Work order:
The lines to copy are those with "where" in them. Pull each one from the entries below.

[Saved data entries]
▶

(* Let $\varepsilon>0$, $\Omega\subset\mathbb{R}^2$ bounded open, $u\in\mathcal{SF}_\varepsilon(\Omega)$ and $R\in\mathcal{R}_\varepsilon(u)$. Then the set $$\{u(i): i\in\mathcal{L}_\varepsilon,\ i\in\Gamma\text{ for some }\Gamma\in\mathcal{N}_\varepsilon(u)\text{ with }\Gamma\subset R\}$$ is either empty or consists of exactly two antipodal points of $\mathbb{S}^2$.
   Context: $\mathcal{L}=\{ae_1+b\hat e_2:a,b\in\mathbb{Z}\}$ with $e_1=(1,0)$, $\hat e_2=\frac12(1,\sqrt3)$, $\mathcal{L}_\varepsilon=\varepsilon\mathcal{L}$; $\mathcal{T}_\varepsilon$ is the set of closed triangles with vertices in $\mathcal{L}_\varepsilon$ pairwise at distance $\varepsilon$; $\mathcal{E}_\varepsilon$ the set of segments $[i,j]$, $i,j\in\mathcal{L}_\varepsilon$, $|i-j|=\varepsilon$. $n=(0,0,1)$; $\mathcal{SF}_\varepsilon(\Omega)$ is the set of $u:\mathcal{L}_\varepsilon\to\mathbb{S}^2$ with $u=n$ on $\mathcal{L}_\varepsilon\setminus\Omega$. $\mathcal{N}_\varepsilon(u)=\{[i,j]\in\mathcal{E}_\varepsilon:u(i)=-u(j)\}$. Two triangles of $\mathcal{T}_\varepsilon$ are neighbours if their intersection is an edge in $\mathcal{N}_\varepsilon(u)$, and connected if joined by a finite chain of consecutive neighbours. $\mathcal{R}_\varepsilon(u)$ is the set of admissible interpolation regions: unions of pairwise connected triangles of $\mathcal{T}_\varepsilon$ that are maximal with respect to inclusion. *)

theory Defs
  imports "HOL-Analysis.Analysis"
begin

type_synonym pt = "real \<times> real"
type_synonym spin = "real \<times> real \<times> real"

definition e1 :: pt where "e1 = (1, 0)"
definition e2hat :: pt where "e2hat = (1/2, sqrt 3 / 2)"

◀

Solution for this task:
definition e1 :: pt where "e1 = (1, 0)"
definition e2hat :: pt where "e2hat = (1/2, sqrt 3 / 2)"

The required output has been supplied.